Некая королева была беззаветно предана ему и, когда он прибыл в столицу ее государства, велела изготовить ему в подарок золотую кружку для подаяния, украшенную бриллиантами. Когда он пришел ко дворцу просить милостыню, она сказала:
– Сначала ты должен мне кое-что пообещать.
– Ты просишь обещания у голого человека, который не имеет ничего, кроме кружки для подаяния.
– Этого вполне достаточно, – ответила она. – Я прошу твою кружку.
– Можешь взять ее.
– Но это не все. Вместо нее я дам тебе другую, и ты возьмешь ее.
– Не вопрос, любая кружка сгодится, – сказал Нагарджуна.
Он даже не осознавал, что она прячет. Золотая кружка, украшенная бесценными бриллиантами.
Он взял ее. Когда он возвращался к руинам монастыря, где остановился, его увидел вор и не мог поверить своим глазам. Кружка для подаяния сверкала, как звезды, а он был гол – без сомнения, очень красив, величествен; но зачем такая кружка голому человеку? Сколько он сможет хранить ее? Кто-нибудь украдет ее, почему не я?

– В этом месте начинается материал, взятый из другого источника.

(* Let $\nu$ be a class (ii) distribution with associated functions $f,\varphi,\Phi$, let $\theta>1$, and suppose that for all constants $\alpha\ge0$ and $s\in(0,1)$, \[\liminf_{x\to\infty}\frac{\Phi^{-1}(\varphi(x)-\alpha\log x)}{x^s}>0.\] Let $\eta$ be a distribution with density $g$ such that $\liminf_{x\to\infty}x^{t+1}g(x)>0$ for some $t\in(1,\theta)$. Then $D_{F_\Phi}(\eta|\nu)=\infty$. Moreover, the displayed condition holds whenever $\nu$ is a generalized lognormal distribution with $r>1$ and $\Phi(x)=\frac{1}{r\sigma^r}\log(x)^r$.
   Context: Densities are written $f=e^{-\varphi}$. For strictly convex $F$ with $F(1)=0$, $D_F(\eta|\nu)=\int_0^\infty F(g/f)f\,dx$ if $\eta\ll\nu$ and $+\infty$ otherwise. Class (ii): $\lim_{x\to\infty}\varphi(x)/x=0$, $\lim_{x\to\infty}\varphi(x)/\log x=\infty$, and there exist $\bar x>0$ and $\Phi:\mathbb R_+\to\mathbb R$ positive, strictly concave, twice differentiable and increasing on $[\bar x,\infty)$ such that, with $\Phi^{-1}$ the inverse of $\Phi|_{[\bar x,\infty)}$, $0<\liminf_{x\to\infty}\Phi^{-1}(\varphi(x))/x\le\limsup_{x\to\infty}\Phi^{-1}(\varphi(x))/x<\infty$. With $\bar y=\exp(\Phi(\bar x))$: $F_\Phi(y)=y\log y$ for $y\le\bar y$ and $F_\Phi(y)=a\,y\,\Phi^{-1}(\log y)^\theta+b$ for $y>\bar y$, where $a=\frac{1+\log\bar y}{\Phi^{-1}(\log\bar y)^\theta+\theta\Phi^{-1}(\log\bar y)^{\theta-1}(\Phi^{-1})'(\log\bar y)}$, $b=\bar y\log\bar y-a\bar y\Phi^{-1}(\log\bar y)^\theta$. The generalized lognormal density is $f(x)=\frac{1}{Zx}\exp(-\frac{1}{r\sigma^r}|\log x-\mu|^r)$, $x>0$, with $Z=2r^{1/r}\sigma\Gamma(1+1/r)$, $r>1$, $\sigma>0$, $\mu\in\mathbb R$. *)

theory Defs
  imports "HOL-Analysis.Analysis"
begin

definition strictly_concave_on :: "real set \<Rightarrow> (real \<Rightarrow> real) \<Rightarrow> bool" where
  "strictly_concave_on S h \<longleftrightarrow>
     (\<forall>x\<in>S. \<forall>y\<in>S. \<forall>u. x \<noteq> y \<and> 0 < u \<and> u < 1 \<longrightarrow>
        h (u * x + (1 - u) * y) > u * h x + (1 - u) * h y)"

definition dens_measure :: "(real \<Rightarrow> real) \<Rightarrow> real measure" where
  "dens_measure d = density lborel (\<lambda>x. ennreal (indicator {0<..} x * d x))"

definition is_density :: "(real \<Rightarrow> real) \<Rightarrow> bool" where
  "is_density d \<longleftrightarrow> d \<in> borel_measurable borel \<and> (\<forall>x>0. d x \<ge> 0)
     \<and> (\<integral>\<^sup>+x. ennreal (indicator {0<..} x * d x) \<partial>lborel) = 1"

definition ext_integral :: "real measure \<Rightarrow> (real \<Rightarrow> real) \<Rightarrow> ereal" where
  "ext_integral M h =
    (let P = (\<integral>\<^sup>+x. ennreal (h x) \<partial>M); N = (\<integral>\<^sup>+x. ennreal (- h x) \<partial>M)
     in if P = \<infinity> \<and> N = \<infinity> then undefined else enn2ereal P - enn2ereal N)"

(* D_F(eta|nu), eta with density g, nu with density f, both on (0,oo) *)
definition f_divergence :: "(real \<Rightarrow> real) \<Rightarrow> (real \<Rightarrow> real) \<Rightarrow> (real \<Rightarrow> real) \<Rightarrow> ereal" where
  "f_divergence F g f =
    (if absolutely_continuous (dens_measure f) (dens_measure g)
     then ext_integral lborel (\<lambda>x. indicator {0<..} x * (F (g x / f x) * f x))
     else \<infinity>)"

definition Phi_inv :: "(real \<Rightarrow> real) \<Rightarrow> real \<Rightarrow> real \<Rightarrow> real" where
  "Phi_inv Phi xb = the_inv_into {xb..} Phi"

definition class_ii :: "(real \<Rightarrow> real) \<Rightarrow> (real \<Rightarrow> real) \<Rightarrow> real \<Rightarrow> bool" where
  "class_ii phi Phi xb \<longleftrightarrow>
     is_density (\<lambda>x. exp (- phi x))
   \<and> ((\<lambda>x. phi x / x) \<longlongrightarrow> 0) at_top
   \<and> filterlim (\<lambda>x. phi x / ln x) at_top at_top
   \<and> xb > 0
   \<and> (\<forall>x\<ge>xb. Phi x > 0)
   \<and> strictly_concave_on {xb..} Phi
   \<and> strict_mono_on {xb..} Phi
   \<and> (\<exists>Phi' Phi''. \<forall>x\<ge>xb. (Phi has_real_derivative Phi' x) (at x within {xb..})
                         \<and> (Phi' has_real_derivative Phi'' x) (at x within {xb..}))
   \<and> (\<forall>\<^sub>F x in at_top. phi x \<in> Phi ` {xb..})
   \<and> 0 < Liminf at_top (\<lambda>x. ereal (Phi_inv Phi xb (phi x) / x))
   \<and> Limsup at_top (\<lambda>x. ereal (Phi_inv Phi xb (phi x) / x)) < \<infinity>"

definition F_Phi :: "(real \<Rightarrow> real) \<Rightarrow> real \<Rightarrow> real \<Rightarrow> real \<Rightarrow> real" where
  "F_Phi Phi xb \<theta> y =
    (let yb = exp (Phi xb); Pinv = Phi_inv Phi xb;
         d = (THE d. (Pinv has_real_derivative d) (at (ln yb) within {ln yb..}));
         a = (1 + ln yb) / (Pinv (ln yb) powr \<theta> + \<theta> * Pinv (ln yb) powr (\<theta> - 1) * d);
         b = yb * ln yb - a * yb * Pinv (ln yb) powr \<theta>
     in if y \<le> yb then y * ln y else a * y * Pinv (ln y) powr \<theta> + b)"

definition lognormal_Z :: "real \<Rightarrow> real \<Rightarrow> real" where
  "lognormal_Z r \<sigma> = 2 * r powr (1 / r) * \<sigma> * Gamma (1 + 1 / r)"

definition gen_lognormal :: "real \<Rightarrow> real \<Rightarrow> real \<Rightarrow> real \<Rightarrow> real" where
  "gen_lognormal r \<sigma> \<mu> x =
     1 / (lognormal_Z r \<sigma> * x) * exp (- (1 / (r * \<sigma> powr r)) * \<bar>ln x - \<mu>\<bar> powr r)"

end

theory Submission
  imports Defs
begin

text \<open>On the tail \<open>g \<ge> c\<^sub>0 x\<^sup>-\<^sup>t\<^sup>-\<^sup>1\<close> while \<open>f = e\<^sup>-\<^sup>\<phi>\<close> decays faster than any power, so
  \<open>ln (g/f) \<ge> \<phi>(x) - (t + 2) ln x\<close> and the growth hypothesis gives \<open>\<Phi>\<^sup>-\<^sup>1(ln (g/f)) \<ge> c x\<^sup>s\<close>.
  The leading term \<open>a g \<Phi>\<^sup>-\<^sup>1(ln (g/f))\<^sup>\<theta>\<close> of \<open>F\<^sub>\<Phi>(g/f) f\<close> is then at least
  \<open>C x\<^sup>s\<^sup>\<theta>\<^sup>-\<^sup>t\<^sup>-\<^sup>1\<close>, which is not integrable at infinity once \<open>s < 1\<close> is chosen with
  \<open>s\<theta> > t\<close>; the constant term \<open>b f\<close> is negligible. As \<open>F\<^sub>\<Phi>\<close> is bounded below and \<open>f\<close>
  is a probability density, the negative part of the integrand has finite integral, so the
  divergence is \<open>\<infinity>\<close>.

  For the generalized lognormal law \<open>\<Phi>\<^sup>-\<^sup>1(y) = exp ((r \<sigma>\<^sup>r y)\<^sup>1\<^sup>/\<^sup>r)\<close>, and
  \<open>\<phi>(x) - \<alpha> ln x = \<bar>ln x - \<mu>\<bar>\<^sup>r / (r \<sigma>\<^sup>r) + O(ln x)\<close> eventually exceeds
  \<open>(s ln x)\<^sup>r / (r \<sigma>\<^sup>r)\<close>, whence \<open>\<Phi>\<^sup>-\<^sup>1(\<phi>(x) - \<alpha> ln x) \<ge> x\<^sup>s\<close>.\<close>

subsection \<open>The inverse of \<open>\<Phi>\<close>\<close>

lemma Phi_inv_Phi:
  assumes "strict_mono_on {xb..} Phi" and "xb \<le> z"
  shows "Phi_inv Phi xb (Phi z) = z"
  using assms by (simp add: Phi_inv_def the_inv_into_f_f strict_mono_on_imp_inj_on)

Он последовал за Нагарджуной. Нагарджуна зашел в комнату, которая представляла собой небольшой сарай с кое-где оставшимися стенами. Весь монастырь был в руинах; сбоку было окно; вор спрятался снаружи, зная, что буддистские монахи едят только раз в день. Сейчас он поест, а потом ляжет немного поспать – вздремнуть. Это будет подходящий момент. В этом монастыре никто не живет уже тысячи лет.
Прежде чем предоставить ему возможность украсть кружку, Нагарджуна поел, а затем выбросил ее в окно, под которым сидел вор. Вор не мог в это поверить. Он был потрясен. В какой-то момент он даже не знал, что ему делать; что это за человек? Он поел и выбросил эту невероятно дорогую кружку, будто абсолютно бесполезную вещь, – и именно туда, где сижу я.

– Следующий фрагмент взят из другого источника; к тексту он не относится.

text \<open>
  Since \<open>A\<close> is upper triangular with nonzero diagonal, \<open>v\<^sub>i \<circ> v\<^sub>j\<close> lies in the column span iff
  the triangular system in rows \<open>1..i\<close> is solvable over \<open>\<int>\<close>. Its last row forces
  \<open>y\<^sub>i = p a\<^sub>i\<^sub>j\<close>; back-substituting, row \<open>t < i\<close> asks that \<open>p\<^bsup>e\<^sub>t\<^esup>\<close> divide
  \<open>p\<^sup>2 a\<^sub>t\<^sub>i (a\<^sub>t\<^sub>j - a\<^sub>i\<^sub>j) - p \<Sum>\<^sub>t\<^sub><\<^sub>s\<^sub><\<^sub>i a\<^sub>t\<^sub>s y\<^sub>s\<close>.
  Solving the rows from \<open>i - 1\<close> down to \<open>1\<close>, the number of admissible values of the
  variables of the remaining rows depends on the already determined \<open>y\<^sub>s\<close> only through their
  minimal \<open>p\<close>-adic valuation (capped at \<open>e\<^sub>1 + \<dots> + e\<^sub>r\<close>), and on \<open>a\<^sub>i\<^sub>j\<close> only through the
  positions of certain nonzero base-\<open>p\<close> digits. Each row contributes a polynomial weight,
  because exactly \<open>p\<^bsup>g-w\<^esup> - p\<^bsup>g-w-1\<^esup>\<close> residues modulo \<open>p\<^sup>g\<close> have valuation \<open>w < g\<close>, and
  the number of \<open>a\<^sub>i\<^sub>j\<close> with a given digit pattern is a product of factors \<open>1\<close>, \<open>p - 1\<close>, \<open>p\<close>.
\<close>

text \<open>The \<open>p\<close>-adic valuation of \<open>z\<close> capped at \<open>L\<close>; the cap makes \<open>capval p L 0 = L\<close>.\<close>

definition capval :: "nat \<Rightarrow> nat \<Rightarrow> int \<Rightarrow> nat" where
  "capval p L z = Max {m. m \<le> L \<and> int p ^ m dvd z}"

lemma capval_candidates_finite: "finite {m. m \<le> L \<and> int p ^ m dvd z}"
  by (rule finite_subset[of _ "{..L}"]) auto

lemma capval_in_candidates: "capval p L z \<in> {m. m \<le> L \<and> int p ^ m dvd z}"
  unfolding capval_def by (rule Max_in[OF capval_candidates_finite]) (auto intro: exI[of _ 0])

lemma capval_le: "capval p L z \<le> L" using capval_in_candidates by auto
lemma capval_dvd: "int p ^ capval p L z dvd z" using capval_in_candidates by auto

lemma le_capval_iff: "m \<le> L \<Longrightarrow> (m \<le> capval p L z \<longleftrightarrow> int p ^ m dvd z)"
proof
  assume "m \<le> capval p L z"
  then have "int p ^ m dvd int p ^ capval p L z" by (rule le_imp_power_dvd)
  then show "int p ^ m dvd z" using capval_dvd dvd_trans by blast
next
  assume "m \<le> L" "int p ^ m dvd z"
  then show "m \<le> capval p L z" unfolding capval_def by (intro Max_ge[OF capval_candidates_finite]) auto
qed

lemma capval_eqI:
  assumes "t \<le> L" "\<And>m. m \<le> L \<Longrightarrow> (int p ^ m dvd z \<longleftrightarrow> m \<le> t)"
  shows "capval p L z = t"
proof -
  have "t \<le> capval p L z" using assms le_capval_iff by blast
  moreover have "capval p L z \<le> t" using assms(2)[OF capval_le] capval_dvd by blast
  ultimately show ?thesis by simp
qed

lemma capval_cong:
  assumes "\<And>m. m \<le> L \<Longrightarrow> (int p ^ m dvd z \<longleftrightarrow> int p ^ m dvd z')"
  shows "capval p L z = capval p L z'"
proof (rule capval_eqI)
  show "capval p L z' \<le> L" by (rule capval_le)
  fix m assume "m \<le> L"
  then show "int p ^ m dvd z \<longleftrightarrow> m \<le> capval p L z'" using assms le_capval_iff by blast
qed

lemma capval_eq_if_dvd_diff:
  assumes "int p ^ L dvd z - z'"
  shows "capval p L z = capval p L z'"
proof (rule capval_cong)
  fix m assume "m \<le> L"
  then have "int p ^ m dvd int p ^ L" by (rule le_imp_power_dvd)
  then have h: "int p ^ m dvd z - z'" using assms by (rule dvd_trans)
  show "int p ^ m dvd z \<longleftrightarrow> int p ^ m dvd z'"
  proof
    assume "int p ^ m dvd z" then show "int p ^ m dvd z'" using h dvd_diff[of _ z "z - z'"] by simp
  next
    assume "int p ^ m dvd z'" then show "int p ^ m dvd z" using h dvd_add[of _ "z - z'" z'] by simp
  qed
qed

lemma capval_smaller_cap: assumes "L' \<le> L" shows "capval p L' z = min L' (capval p L z)"
proof (rule capval_eqI)
  fix m assume "m \<le> L'"
  then show "int p ^ m dvd z \<longleftrightarrow> m \<le> min L' (capval p L z)" using assms le_capval_iff[of m L p z] by auto
qed simp

lemma capval_uminus: "capval p L (- z) = capval p L z"
  by (rule capval_cong) simp

lemma capval_0: "capval p L 0 = L"
  by (rule capval_eqI) auto

lemma not_dvd_Suc_capval: "capval p L z < L \<Longrightarrow> \<not> int p ^ (Suc (capval p L z)) dvd z"
  using le_capval_iff[of "Suc (capval p L z)" L p z] by auto

lemma capval_eq_iff:
  "capval p C z = v \<longleftrightarrow> v \<le> C \<and> int p ^ v dvd z \<and> (v < C \<longrightarrow> \<not> int p ^ Suc v dvd z)"
proof
  assume "capval p C z = v"
  then show "v \<le> C \<and> int p ^ v dvd z \<and> (v < C \<longrightarrow> \<not> int p ^ Suc v dvd z)"
    using capval_le capval_dvd not_dvd_Suc_capval by blast
next
  assume v: "v \<le> C \<and> int p ^ v dvd z \<and> (v < C \<longrightarrow> \<not> int p ^ Suc v dvd z)"
  show "capval p C z = v"
  proof (rule capval_eqI)
    fix m assume "m \<le> C"
    show "int p ^ m dvd z \<longleftrightarrow> m \<le> v"
    proof
      assume m: "int p ^ m dvd z"
      show "m \<le> v"
      proof (rule ccontr)
        assume "\<not> m \<le> v"
        then have "v < C" using \<open>m \<le> C\<close> by simp
        moreover have "int p ^ Suc v dvd int p ^ m" using \<open>\<not> m \<le> v\<close> by (intro le_imp_power_dvd) simp
        ultimately show False using v m dvd_trans by blast
      qed
    next
      assume "m \<le> v"
      then have "int p ^ m dvd int p ^ v" by (rule le_imp_power_dvd)
      then show "int p ^ m dvd z" using v dvd_trans by blast
    qed
  qed (use v in simp)
qed

lemma pow_dvd_pow_mult_iff:
  assumes "prime p" "\<not> int p dvd y"
  shows "int p ^ m dvd int p ^ s * y \<longleftrightarrow> m \<le> s"
proof
  assume h: "int p ^ m dvd int p ^ s * y"
  show "m \<le> s"
  proof (rule ccontr)
    assume "\<not> m \<le> s"
    then have "int p ^ Suc s dvd int p ^ m" by (intro le_imp_power_dvd) simp
    then have "int p ^ s * int p dvd int p ^ s * y" using h dvd_trans by (metis power_Suc2)
    moreover have "int p ^ s \<noteq> 0" using assms(1) by (simp add: prime_gt_0_nat)
    ultimately have "int p dvd y" by (metis dvd_mult_cancel_left mult_eq_0_iff)
    with assms show False by simp
  qed
next
  assume "m \<le> s" then show "int p ^ m dvd int p ^ s * y"
    by (simp add: le_imp_power_dvd)
qed

lemma capval_factor:
  assumes "prime p" "capval p C c < C"
  obtains c' where "c = int p ^ capval p C c * c'" "\<not> int p dvd c'"
proof -
  obtain c' where c: "c = int p ^ capval p C c * c'" using capval_dvd by (metis dvd_def)
  have "\<not> int p dvd c'"
  proof
    assume "int p dvd c'"
    then have "int p ^ Suc (capval p C c) dvd c" by (subst c) (simp add: mult_dvd_mono)
    with not_dvd_Suc_capval[OF assms(2)] show False by simp
  qed
  with c that show ?thesis by blast
qed

lemma capval_pow_mult:
  assumes "prime p" "L \<le> C"
  shows "capval p L (int p ^ a * c * d) = min L (a + capval p C c + capval p C d)"
proof (cases "capval p C c < C \<and> capval p C d < C")
  case True
  obtain c' where c: "c = int p ^ capval p C c * c'" "\<not> int p dvd c'" using capval_factor assms True by blast
  obtain d' where d: "d = int p ^ capval p C d * d'" "\<not> int p dvd d'" using capval_factor assms True by blast
  have pp: "prime (int p)" using assms by simp
  have nd: "\<not> int p dvd c' * d'" using c(2) d(2) pp by (simp add: prime_dvd_mult_iff)
  define u where "u = capval p C c"
  define w where "w = capval p C d"
  have eq: "int p ^ a * c * d = int p ^ (a + u + w) * (c' * d')"
  proof -
    have "int p ^ a * c * d = int p ^ a * (int p ^ u * c') * (int p ^ w * d')"
      using c(1)[folded u_def] d(1)[folded w_def] by simp
    also have "\<dots> = int p ^ (a + u + w) * (c' * d')" by (simp add: power_add algebra_simps)
    finally show ?thesis .
  qed
  show ?thesis
    unfolding u_def[symmetric] w_def[symmetric] eq
  proof (rule capval_eqI)
    fix m assume "m \<le> L"
    show "int p ^ m dvd int p ^ (a + u + w) * (c' * d') \<longleftrightarrow> m \<le> min L (a + u + w)"
      using pow_dvd_pow_mult_iff[OF assms(1) nd, of m "a+u+w"] \<open>m \<le> L\<close> by auto
  qed simp
next
  case False
  then have "capval p C c = C \<or> capval p C d = C" using capval_le[of p C c] capval_le[of p C d] by linarith
  then have cd: "int p ^ C dvd c \<or> int p ^ C dvd d" using capval_dvd[of p C c] capval_dvd[of p C d] by auto
  have h: "int p ^ m dvd int p ^ a * c * d" if "m \<le> L" for m
  proof -
    have "int p ^ m dvd int p ^ C" using that assms(2) by (intro le_imp_power_dvd) simp
    then have "int p ^ m dvd c \<or> int p ^ m dvd d" using cd dvd_trans by blast
    then show ?thesis by (metis dvd_mult dvd_mult2 mult.assoc)
  qed
  have "min L (a + capval p C c + capval p C d) = L"
    using \<open>capval p C c = C \<or> capval p C d = C\<close> assms(2) by auto
  then show ?thesis using h by (intro capval_eqI) auto
qed

definition poly_on_primes :: "(nat \<Rightarrow> rat) \<Rightarrow> bool" where
  "poly_on_primes f \<longleftrightarrow> (\<exists>P. \<forall>p. prime p \<longrightarrow> f p = poly P (of_nat p))"

lemma poly_on_primes_const: "poly_on_primes (\<lambda>p. c)"
  unfolding poly_on_primes_def by (rule exI[of _ "[:c:]"]) simp

lemma poly_on_primes_id: "poly_on_primes (\<lambda>p. of_nat p)"
  unfolding poly_on_primes_def by (rule exI[of _ "[:0,1:]"]) simp

lemma poly_on_primes_add: "poly_on_primes f \<Longrightarrow> poly_on_primes g \<Longrightarrow> poly_on_primes (\<lambda>p. f p + g p)"
proof -
  assume "poly_on_primes f" "poly_on_primes g"
  then obtain P Q where "\<forall>p. prime p \<longrightarrow> f p = poly P (of_nat p)" "\<forall>p. prime p \<longrightarrow> g p = poly Q (of_nat p)"
    unfolding poly_on_primes_def by blast
  then show ?thesis unfolding poly_on_primes_def by (intro exI[of _ "P + Q"]) simp
qed

lemma poly_on_primes_diff: "poly_on_primes f \<Longrightarrow> poly_on_primes g \<Longrightarrow> poly_on_primes (\<lambda>p. f p - g p)"
proof -
  assume "poly_on_primes f" "poly_on_primes g"
  then obtain P Q where "\<forall>p. prime p \<longrightarrow> f p = poly P (of_nat p)" "\<forall>p. prime p \<longrightarrow> g p = poly Q (of_nat p)"
    unfolding poly_on_primes_def by blast
  then show ?thesis unfolding poly_on_primes_def by (intro exI[of _ "P - Q"]) simp
qed

lemma poly_on_primes_mult: "poly_on_primes f \<Longrightarrow> poly_on_primes g \<Longrightarrow> poly_on_primes (\<lambda>p. f p * g p)"
proof -
  assume "poly_on_primes f" "poly_on_primes g"
  then obtain P Q where "\<forall>p. prime p \<longrightarrow> f p = poly P (of_nat p)" "\<forall>p. prime p \<longrightarrow> g p = poly Q (of_nat p)"
    unfolding poly_on_primes_def by blast
  then show ?thesis unfolding poly_on_primes_def by (intro exI[of _ "P * Q"]) simp
qed

lemma poly_on_primes_power: "poly_on_primes f \<Longrightarrow> poly_on_primes (\<lambda>p. f p ^ k)"
proof (induction k)
  case 0 then show ?case using poly_on_primes_const by simp
next
  case (Suc k) then show ?case using poly_on_primes_mult[of f "\<lambda>p. f p ^ k"] by simp
qed

lemma poly_on_primes_sum: "finite A \<Longrightarrow> (\<And>x. x \<in> A \<Longrightarrow> poly_on_primes (f x)) \<Longrightarrow> poly_on_primes (\<lambda>p. \<Sum>x\<in>A. f x p)"
proof (induction A rule: finite_induct)
  case empty then show ?case using poly_on_primes_const by simp
next
  case (insert x F) then show ?case using poly_on_primes_add[of "f x" "\<lambda>p. \<Sum>x\<in>F. f x p"] by simp
qed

Он встал и спросил Нагарджуну: «Могу я зайти и задать один вопрос?» Нагарджуна ответил: «Чтобы ты сюда зашел, я должен был выбросить кружку. Входи. Кружка твоя, не волнуйся. Я тебе ее подарил, поэтому ты не будешь вором. Это подарок. Я бедный человек. У меня нет ничего, кроме этой кружки; и я знаю, что она долго у меня не задержится, потому что я буду спать, и кто-нибудь обязательно ее украдет; ты избавил меня от стольких проблем. От самой столицы ты шел за мной, я видел. А сегодня жаркий летний день. Пожалуйста, не отказывайся. Возьми ее».
Вор сказал:
– Странный ты человек. Ты что, не знаешь, какая это ценность?

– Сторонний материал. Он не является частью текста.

lemma near_one_common_fixed_vector:
  assumes "sl2_subgroup G" and "\<not> discrete_subgroup v G"
    and "\<forall>x\<in>G. mat_val_ge 1 (x - mat 1) \<longrightarrow> unipotent x"
  obtains e where "e \<noteq> 0" and "\<forall>x\<in>G. mat_val_ge 1 (x - mat 1) \<longrightarrow> (x - mat 1) *v e = 0"
proof -
  obtain x0 where x0: "x0 \<in> G" "x0 \<noteq> mat 1" "mat_val_ge 1 (x0 - mat 1)"
    using nondiscrete_near_one assms(1,2) by blast
  then have "unipotent x0"
    using assms(3) by blast
  then obtain e where e: "e \<noteq> 0" "(x0 - mat 1) *v e = 0"
    using square_zero_kernel_exists x0(2) unfolding unipotent_def by (metis right_minus_eq)
  have "(x - mat 1) *v e = 0" if "x \<in> G" "mat_val_ge 1 (x - mat 1)" for x
  proof (rule unipotent_common_fixed_vector[OF x0(2) \<open>unipotent x0\<close> _ _ e(2)])
    show "unipotent x"
      using assms(3) that by blast
    have "mat_val_ge 1 (x0 ** x - mat 1)"
      using x0(3) that(2) by (rule mat_val_ge_product_minus_one) simp
    then show "unipotent (x0 ** x)"
      using assms(1,3) x0(1) that(1) sl2_subgroup_mult by blast
  qed
  then show ?thesis
    using that e(1) by blast
qed

lemma near_one_fixed_line_invariant:
  assumes "sl2_subgroup G" and "\<not> discrete_subgroup v G" and "e \<noteq> 0"
    and "\<forall>x\<in>G. mat_val_ge 1 (x - mat 1) \<longrightarrow> (x - mat 1) *v e = 0" and "g \<in> G"
  shows "\<exists>l. g *v e = l *s e"
proof -
  obtain h where h: "h \<in> G" "g ** h = mat 1" "h ** g = mat 1"
    using sl2_subgroup_inverse assms(1,5) by blast
  obtain b1 b2 where "mat_val_ge b1 g" "mat_val_ge b2 h"
    using mat_val_ge_exists by blast
  define b where "b = min (min b1 b2) 0"
  have b: "mat_val_ge b g" "mat_val_ge b h" "b \<le> 0"
    unfolding b_def using \<open>mat_val_ge b1 g\<close> \<open>mat_val_ge b2 h\<close> by (auto elim: mat_val_ge_mono)
  \<comment> \<open>Taking x close enough to 1 makes its conjugate by g close to 1 as well.\<close>
  obtain x where x: "x \<in> G" "x \<noteq> mat 1" "mat_val_ge (1 - 2 * b) (x - mat 1)"
    using nondiscrete_near_one assms(1,2) by blast
  have x1: "mat_val_ge 1 (x - mat 1)"
    using mat_val_ge_mono[OF x(3)] b(3) by simp
  have "mat_val_ge (b + (1 - 2 * b) + b) (h ** (x - mat 1) ** g)"
    using b x(3) by (intro mat_val_ge_mult)
  then have "mat_val_ge 1 (h ** x ** g - mat 1)"
    using conjugate_minus_one[OF h(3)] by simp
  moreover have "h ** x ** g \<in> G"
    using assms(1,5) h(1) x(1) by (intro sl2_subgroup_mult)
  ultimately have "(h ** (x - mat 1) ** g) *v e = 0"
    using assms(4) conjugate_minus_one[OF h(3)] by metis
  then have "(x - mat 1) *v (g *v e) = 0"
    using h(2) by (metis matrix_mul_assoc matrix_mul_lid matrix_vector_mul_assoc matrix_vector_mult_0_right)
  moreover have "(x - mat 1) *v e = 0"
    using assms(4) x(1) x1 by blast
  ultimately show ?thesis
    using kernel_parallel x(2) assms(3) by (metis right_minus_eq)
qed

lemma nondiscrete_stabilises_end_char_p:
  assumes "sl2_subgroup G" and "\<forall>x\<in>G. discrete_subgroup v (gen_subgroup {x, x})"
    and "\<not> discrete_subgroup v G" and "prime p" and "of_nat p = (0::'k)"
  shows "stabilises_end v G"
proof -
  have "\<forall>x\<in>G. mat_val_ge 1 (x - mat 1) \<longrightarrow> unipotent x"
    using near_one_unipotent_char_p assms(2,4,5) by blast
  then obtain e where e: "e \<noteq> 0" "\<forall>x\<in>G. mat_val_ge 1 (x - mat 1) \<longrightarrow> (x - mat 1) *v e = 0"
    using near_one_common_fixed_vector assms(1,3) by blast
  then have "\<forall>g\<in>G. det g = 1 \<and> (\<exists>l. g *v e = l *s e)"
    using near_one_fixed_line_invariant assms(1,3) sl2_subgroup_det by blast
  then show ?thesis
    by (rule stabilises_end_if_invariant_line[OF e(1)])
qed

lemma discrete_or_stabilises_end:
  assumes "finite_residue_field v" and "sl2_subgroup G"
    and "\<forall>x\<in>G. discrete_subgroup v (gen_subgroup {x, x})"
  shows "discrete_subgroup v G \<or> stabilises_end v G"
proof -
  obtain m :: nat where m: "m \<ge> 1" "val_ge 1 (of_nat m :: 'k)"
    using positive_integer_in_maximal_ideal assms(1) by blast
  show ?thesis
  proof (cases "of_nat m = (0::'k)")
    case False
    then show ?thesis
      using discrete_if_cyclic_subgroups_discrete_char_0 assms(2,3) m(2) by blast
  next
    case True
    then have "prime CHAR('k)"
      using m(1) CHAR_pos_iff prime_CHAR_semidom by (metis less_le_trans zero_less_one)
    then show ?thesis
      using nondiscrete_stabilises_end_char_p[OF assms(2,3)] of_nat_CHAR by blast
  qed
qed

end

– С тех пор как я познал себя, больше ничто не имеет ценности, – ответил Нагарджуна.
Вор посмотрел на Нагарджуну и попросил:
– Тогда сделай мне еще один подарок: как мне познать себя настолько, чтобы по сравнению с этим такая ценная кружка ничего не стоила?
– Это очень просто.
– Прежде чем ты что-нибудь скажешь, я хочу представиться. Я известный вор.
– Кто не вор? – ответил Нагарджуна. – Не волнуйся по пустякам. В этом мире все воры: все приходят сюда голые, не имея ничего, а потом у всех появляется то или другое. Все мы воры, поэтому не беспокойся. Вот почему я живу голый. Это вполне нормально. Все, что ты делаешь, нужно делать хорошо. Нужно только одно: когда воруешь, осознавай, будь бдительным, наблюдай. Если ты теряешь бдительность – не воруй. Вот тебе простое правило.
– Это очень просто, – сказал вор. – Когда я смогу снова тебя увидеть?
– Я буду здесь две недели. Ты можешь прийти в любой день, но сначала попробуй.
Две недели он пробовал и обнаружил, что это самое сложное в мире. Однажды он пробрался даже во дворец, отрыл дверь в сокровищницу, но когда попробовал что-то взять, потерял осознанность. А он был честным человеком. Поэтому он оставил эту вещь – ее нельзя было забрать. Но было сложно: когда он был осознанным, не было желания ничего брать; а когда он не осознавал, он хотел забрать все сокровища.
В конце концов он пришел к Нагарджуну с пустыми руками и сказал:
– Ты разрушил всю мою жизнь. Теперь я не могу воровать.
– Но это не мое дело. Теперь это твое дело. Если ты хочешь воровать, окончательно забудь об осознанности.
– Эти несколько моментов осознанности были настолько ценны. Я никогда не чувствовал себя так легко, так умиротворенно, так спокойно, так блаженно – все сокровища мира ничего не стоили по сравнению с этим, – ответил вор. – Теперь я понимаю, что ты имеешь в виду, когда говоришь, что по сравнению с познанием себя ничто не имеет ценности. Я не могу перестать практиковать осознанность. Я испил лишь несколько капель нектара, который ты, должно быть, пьешь каждую секунду. Не разрешишь ли ты мне стать твоим учеником и следовать за тобой?
– Я знал это еще в тот самый день, – сказал Нагарджуна. – Я приметил тебя еще тогда, когда ты пошел за мной. Ты думал о том, как украсть кружку для подаяния, а я думал, как украсть тебя. Мы оба занимаемся одним и тем же делом.
Никогда не переживайте ни о чем, кроме одного – это одно и есть вся религия, и это осознанность, и тогда вы сможете увидеть, куда течет ваша жизнь, куда течет все в жизни. И вы сможете почувствовать, что это единственный путь к достижению легкости, гармонии с существованием, единственный путь к растворению в целом.
Помните об одном, что бы вы ни делали – это может быть театр, это может быть приготовление пищи на кухне, это может быть мытье посуды.
У меня был ученик из Германии, Гунакар. Он слишком спешил стать просветленным, как и всякий немец! Пока он был со мной, он, конечно, не мог стать просветленным, потому что я был там и он не мог объявить, что он просветленный, он же знал, что он не просветленный; но когда он уезжал в Германию, там он объявлял себя просветленным. И он начинал писать длинные письма мировым лидерам, религиозным лидерам, представителям ООН, президентам, премьер-министрам, предлагая им способы переустройства мира. И кто-нибудь сообщал мне, что Гунакар стал просветленным. И я звал его обратно, и он возвращался ко мне. И я спрашивал: «Гунакар, это правда?»
Он отвечал: «Это неправда, но когда я приезжаю в Германию, искушение настолько велико – из-за того, что другим немцам, которые ничего не знают о просветлении, я могу это объявить, но здесь это трудно. Это странно. Люди приезжают сюда, чтобы стать просветленными, но, когда я приезжаю сюда, я становлюсь непросветленным. В Германии я остаюсь просветленным».